#### RECORDS PROVIDED ####

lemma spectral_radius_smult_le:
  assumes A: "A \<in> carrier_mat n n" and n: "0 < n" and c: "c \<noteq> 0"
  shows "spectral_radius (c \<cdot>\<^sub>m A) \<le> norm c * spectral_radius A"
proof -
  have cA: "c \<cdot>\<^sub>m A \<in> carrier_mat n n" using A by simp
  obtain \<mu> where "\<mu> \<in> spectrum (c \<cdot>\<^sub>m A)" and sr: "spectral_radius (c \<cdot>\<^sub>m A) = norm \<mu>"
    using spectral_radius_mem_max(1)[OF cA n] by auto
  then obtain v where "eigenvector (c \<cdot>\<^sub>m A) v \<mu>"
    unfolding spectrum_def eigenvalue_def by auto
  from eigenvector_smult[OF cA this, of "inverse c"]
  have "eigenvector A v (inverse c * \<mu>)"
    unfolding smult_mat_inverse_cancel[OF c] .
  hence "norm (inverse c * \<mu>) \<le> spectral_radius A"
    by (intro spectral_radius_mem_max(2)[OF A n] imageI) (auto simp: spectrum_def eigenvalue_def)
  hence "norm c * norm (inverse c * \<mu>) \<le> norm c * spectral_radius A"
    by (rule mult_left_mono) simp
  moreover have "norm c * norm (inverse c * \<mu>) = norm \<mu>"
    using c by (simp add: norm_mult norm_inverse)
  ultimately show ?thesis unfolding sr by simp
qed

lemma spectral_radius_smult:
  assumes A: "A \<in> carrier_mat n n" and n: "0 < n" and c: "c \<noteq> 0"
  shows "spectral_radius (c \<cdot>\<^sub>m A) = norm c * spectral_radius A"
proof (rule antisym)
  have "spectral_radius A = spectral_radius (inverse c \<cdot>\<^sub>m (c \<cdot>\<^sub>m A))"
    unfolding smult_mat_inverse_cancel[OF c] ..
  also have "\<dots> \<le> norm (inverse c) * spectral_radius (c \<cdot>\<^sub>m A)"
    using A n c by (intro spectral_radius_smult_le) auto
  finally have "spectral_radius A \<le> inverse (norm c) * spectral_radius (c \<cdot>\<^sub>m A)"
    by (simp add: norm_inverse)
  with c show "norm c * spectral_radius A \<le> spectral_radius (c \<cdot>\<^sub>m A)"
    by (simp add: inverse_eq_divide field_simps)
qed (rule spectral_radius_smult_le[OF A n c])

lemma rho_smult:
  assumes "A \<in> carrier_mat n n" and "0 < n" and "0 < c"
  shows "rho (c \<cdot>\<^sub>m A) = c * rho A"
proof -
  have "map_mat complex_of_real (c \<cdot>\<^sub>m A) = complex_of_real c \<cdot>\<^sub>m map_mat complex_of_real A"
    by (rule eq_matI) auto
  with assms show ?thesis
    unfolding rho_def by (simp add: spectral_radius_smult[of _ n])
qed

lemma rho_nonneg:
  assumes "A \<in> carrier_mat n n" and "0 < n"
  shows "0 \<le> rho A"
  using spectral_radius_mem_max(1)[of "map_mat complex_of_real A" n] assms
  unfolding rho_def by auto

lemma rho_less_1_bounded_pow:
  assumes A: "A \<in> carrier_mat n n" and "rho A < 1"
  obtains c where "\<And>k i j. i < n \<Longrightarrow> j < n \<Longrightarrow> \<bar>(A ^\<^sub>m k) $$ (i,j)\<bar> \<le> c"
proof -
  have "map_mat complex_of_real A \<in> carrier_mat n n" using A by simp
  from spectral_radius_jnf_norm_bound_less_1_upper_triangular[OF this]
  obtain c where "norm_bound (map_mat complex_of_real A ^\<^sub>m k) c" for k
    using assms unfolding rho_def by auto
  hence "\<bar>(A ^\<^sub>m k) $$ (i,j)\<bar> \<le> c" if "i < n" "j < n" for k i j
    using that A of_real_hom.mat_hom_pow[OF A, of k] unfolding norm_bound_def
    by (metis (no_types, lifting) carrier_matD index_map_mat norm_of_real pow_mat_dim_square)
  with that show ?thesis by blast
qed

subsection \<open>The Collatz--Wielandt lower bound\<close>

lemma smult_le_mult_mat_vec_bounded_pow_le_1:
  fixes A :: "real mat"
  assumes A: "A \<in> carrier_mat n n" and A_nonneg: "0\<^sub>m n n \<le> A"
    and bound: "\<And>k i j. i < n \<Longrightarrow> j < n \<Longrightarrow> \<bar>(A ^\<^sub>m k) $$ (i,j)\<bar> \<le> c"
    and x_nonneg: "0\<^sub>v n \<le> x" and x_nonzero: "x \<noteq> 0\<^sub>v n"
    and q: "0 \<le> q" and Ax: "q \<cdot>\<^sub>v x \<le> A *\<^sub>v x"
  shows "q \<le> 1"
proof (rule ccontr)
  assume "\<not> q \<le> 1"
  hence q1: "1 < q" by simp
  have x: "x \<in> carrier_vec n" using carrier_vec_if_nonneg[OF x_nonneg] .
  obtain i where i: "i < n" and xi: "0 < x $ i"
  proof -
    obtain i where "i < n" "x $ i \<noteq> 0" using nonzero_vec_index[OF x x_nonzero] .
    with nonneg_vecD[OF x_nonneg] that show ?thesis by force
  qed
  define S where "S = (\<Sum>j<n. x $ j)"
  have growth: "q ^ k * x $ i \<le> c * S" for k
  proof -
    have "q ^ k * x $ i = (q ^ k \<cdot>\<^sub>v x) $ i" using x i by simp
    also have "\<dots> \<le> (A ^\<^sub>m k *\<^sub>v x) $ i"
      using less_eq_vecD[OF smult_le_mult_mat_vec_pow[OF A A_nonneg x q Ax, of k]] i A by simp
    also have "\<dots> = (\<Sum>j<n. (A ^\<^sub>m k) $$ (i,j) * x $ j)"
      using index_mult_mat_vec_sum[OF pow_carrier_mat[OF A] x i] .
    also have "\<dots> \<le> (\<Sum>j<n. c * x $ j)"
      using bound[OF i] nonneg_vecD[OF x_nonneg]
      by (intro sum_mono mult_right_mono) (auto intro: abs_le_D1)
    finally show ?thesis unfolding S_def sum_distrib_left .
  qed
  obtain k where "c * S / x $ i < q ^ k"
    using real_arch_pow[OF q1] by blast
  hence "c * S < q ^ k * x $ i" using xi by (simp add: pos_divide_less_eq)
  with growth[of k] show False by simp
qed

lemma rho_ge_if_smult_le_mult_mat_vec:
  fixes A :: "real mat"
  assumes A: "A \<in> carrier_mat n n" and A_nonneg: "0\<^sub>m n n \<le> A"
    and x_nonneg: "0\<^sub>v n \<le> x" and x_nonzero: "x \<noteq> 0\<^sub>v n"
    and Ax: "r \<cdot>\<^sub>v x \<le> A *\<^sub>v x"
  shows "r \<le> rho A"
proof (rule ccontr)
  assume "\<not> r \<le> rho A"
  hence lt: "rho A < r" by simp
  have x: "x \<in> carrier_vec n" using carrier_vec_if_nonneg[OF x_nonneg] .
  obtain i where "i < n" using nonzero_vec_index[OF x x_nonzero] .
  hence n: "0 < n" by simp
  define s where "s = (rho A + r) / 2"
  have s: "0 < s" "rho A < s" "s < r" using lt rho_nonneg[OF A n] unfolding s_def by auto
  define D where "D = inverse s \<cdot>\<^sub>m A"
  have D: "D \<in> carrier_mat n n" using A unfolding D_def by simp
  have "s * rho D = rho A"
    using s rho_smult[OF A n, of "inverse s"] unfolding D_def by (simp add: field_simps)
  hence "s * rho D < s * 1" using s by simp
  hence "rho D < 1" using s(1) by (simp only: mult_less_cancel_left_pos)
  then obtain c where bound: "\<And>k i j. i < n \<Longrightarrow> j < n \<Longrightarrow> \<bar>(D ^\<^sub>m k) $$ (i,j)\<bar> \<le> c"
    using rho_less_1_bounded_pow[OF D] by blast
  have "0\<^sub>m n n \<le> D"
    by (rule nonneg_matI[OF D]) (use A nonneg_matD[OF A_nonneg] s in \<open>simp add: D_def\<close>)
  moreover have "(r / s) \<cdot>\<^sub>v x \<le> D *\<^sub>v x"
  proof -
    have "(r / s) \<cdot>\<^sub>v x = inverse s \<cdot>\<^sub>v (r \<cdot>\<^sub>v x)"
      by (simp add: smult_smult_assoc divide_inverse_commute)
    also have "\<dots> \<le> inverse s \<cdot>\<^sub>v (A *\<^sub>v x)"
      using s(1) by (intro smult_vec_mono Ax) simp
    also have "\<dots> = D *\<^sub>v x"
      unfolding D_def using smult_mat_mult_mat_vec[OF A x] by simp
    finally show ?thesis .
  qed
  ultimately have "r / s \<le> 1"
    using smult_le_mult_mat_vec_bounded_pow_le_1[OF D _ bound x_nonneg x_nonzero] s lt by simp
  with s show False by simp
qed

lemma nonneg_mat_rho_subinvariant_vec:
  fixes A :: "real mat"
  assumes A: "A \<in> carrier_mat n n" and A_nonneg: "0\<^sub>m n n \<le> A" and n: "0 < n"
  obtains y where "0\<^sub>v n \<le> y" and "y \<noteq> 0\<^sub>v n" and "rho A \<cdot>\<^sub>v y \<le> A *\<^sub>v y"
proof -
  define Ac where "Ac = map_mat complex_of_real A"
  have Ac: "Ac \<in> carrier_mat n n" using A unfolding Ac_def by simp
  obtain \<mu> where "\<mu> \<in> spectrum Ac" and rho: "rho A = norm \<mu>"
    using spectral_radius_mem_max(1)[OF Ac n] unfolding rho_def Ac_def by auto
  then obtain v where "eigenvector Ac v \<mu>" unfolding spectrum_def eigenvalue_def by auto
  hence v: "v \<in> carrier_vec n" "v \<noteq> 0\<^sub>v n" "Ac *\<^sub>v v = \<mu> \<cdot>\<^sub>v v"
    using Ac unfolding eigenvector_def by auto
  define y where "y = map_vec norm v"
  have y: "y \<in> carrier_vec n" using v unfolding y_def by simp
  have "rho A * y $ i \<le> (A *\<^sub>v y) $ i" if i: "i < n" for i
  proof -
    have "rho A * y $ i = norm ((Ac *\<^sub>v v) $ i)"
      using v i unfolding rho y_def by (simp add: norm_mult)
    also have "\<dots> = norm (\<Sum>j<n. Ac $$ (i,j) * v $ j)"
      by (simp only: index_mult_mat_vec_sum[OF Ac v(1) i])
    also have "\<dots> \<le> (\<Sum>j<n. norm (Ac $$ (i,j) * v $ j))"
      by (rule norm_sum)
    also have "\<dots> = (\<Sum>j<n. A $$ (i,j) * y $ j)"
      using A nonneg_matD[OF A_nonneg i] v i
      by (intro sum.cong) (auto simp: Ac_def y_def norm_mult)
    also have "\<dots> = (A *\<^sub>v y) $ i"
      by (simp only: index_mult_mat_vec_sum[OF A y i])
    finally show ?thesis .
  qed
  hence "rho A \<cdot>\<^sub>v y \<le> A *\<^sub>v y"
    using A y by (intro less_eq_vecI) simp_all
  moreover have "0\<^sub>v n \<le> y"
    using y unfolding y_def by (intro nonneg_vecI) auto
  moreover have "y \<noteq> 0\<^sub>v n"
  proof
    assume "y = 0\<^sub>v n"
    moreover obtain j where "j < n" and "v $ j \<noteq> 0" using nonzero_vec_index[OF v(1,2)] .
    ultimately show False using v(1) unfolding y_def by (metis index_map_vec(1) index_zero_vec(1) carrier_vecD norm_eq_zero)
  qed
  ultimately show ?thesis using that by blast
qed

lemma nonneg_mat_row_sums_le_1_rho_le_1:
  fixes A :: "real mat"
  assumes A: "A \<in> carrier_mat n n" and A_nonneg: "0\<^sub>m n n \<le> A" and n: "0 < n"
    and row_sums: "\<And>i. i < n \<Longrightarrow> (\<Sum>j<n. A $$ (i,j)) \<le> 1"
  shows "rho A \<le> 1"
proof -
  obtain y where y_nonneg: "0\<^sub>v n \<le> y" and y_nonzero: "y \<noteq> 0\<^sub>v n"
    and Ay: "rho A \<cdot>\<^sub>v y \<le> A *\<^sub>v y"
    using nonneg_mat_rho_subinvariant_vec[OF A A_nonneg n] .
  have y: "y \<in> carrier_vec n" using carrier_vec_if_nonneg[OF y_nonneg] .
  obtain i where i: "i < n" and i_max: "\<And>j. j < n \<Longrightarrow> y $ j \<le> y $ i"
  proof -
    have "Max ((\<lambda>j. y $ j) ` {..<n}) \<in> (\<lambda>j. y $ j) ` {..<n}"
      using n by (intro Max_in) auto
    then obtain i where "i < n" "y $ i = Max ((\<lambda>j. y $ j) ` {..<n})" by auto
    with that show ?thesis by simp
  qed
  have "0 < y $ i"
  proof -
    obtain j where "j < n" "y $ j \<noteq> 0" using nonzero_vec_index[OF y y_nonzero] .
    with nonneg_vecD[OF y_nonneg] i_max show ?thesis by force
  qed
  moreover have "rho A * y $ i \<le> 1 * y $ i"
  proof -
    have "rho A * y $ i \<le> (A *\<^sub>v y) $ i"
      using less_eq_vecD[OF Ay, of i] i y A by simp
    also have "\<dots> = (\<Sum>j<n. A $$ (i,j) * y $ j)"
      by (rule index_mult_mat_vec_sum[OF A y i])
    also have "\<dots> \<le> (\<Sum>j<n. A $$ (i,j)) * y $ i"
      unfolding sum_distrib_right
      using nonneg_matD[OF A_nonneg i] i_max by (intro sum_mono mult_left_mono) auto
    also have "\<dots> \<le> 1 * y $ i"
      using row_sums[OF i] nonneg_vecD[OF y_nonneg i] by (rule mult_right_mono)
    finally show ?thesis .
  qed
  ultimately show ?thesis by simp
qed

####

- [TASK DIRECTIONS]
Among the entries above, locate the lines containing "qed (rule spectral_radius_smult_le[OF A n c])" and "by (rule eq_matI) auto", and transcribe exactly those two lines and all lines between.

- [YOUR SOLUTION]
qed (rule spectral_radius_smult_le[OF A n c])

lemma rho_smult:
  assumes "A \<in> carrier_mat n n" and "0 < n" and "0 < c"
  shows "rho (c \<cdot>\<^sub>m A) = c * rho A"
proof -
  have "map_mat complex_of_real (c \<cdot>\<^sub>m A) = complex_of_real c \<cdot>\<^sub>m map_mat complex_of_real A"
    by (rule eq_matI) auto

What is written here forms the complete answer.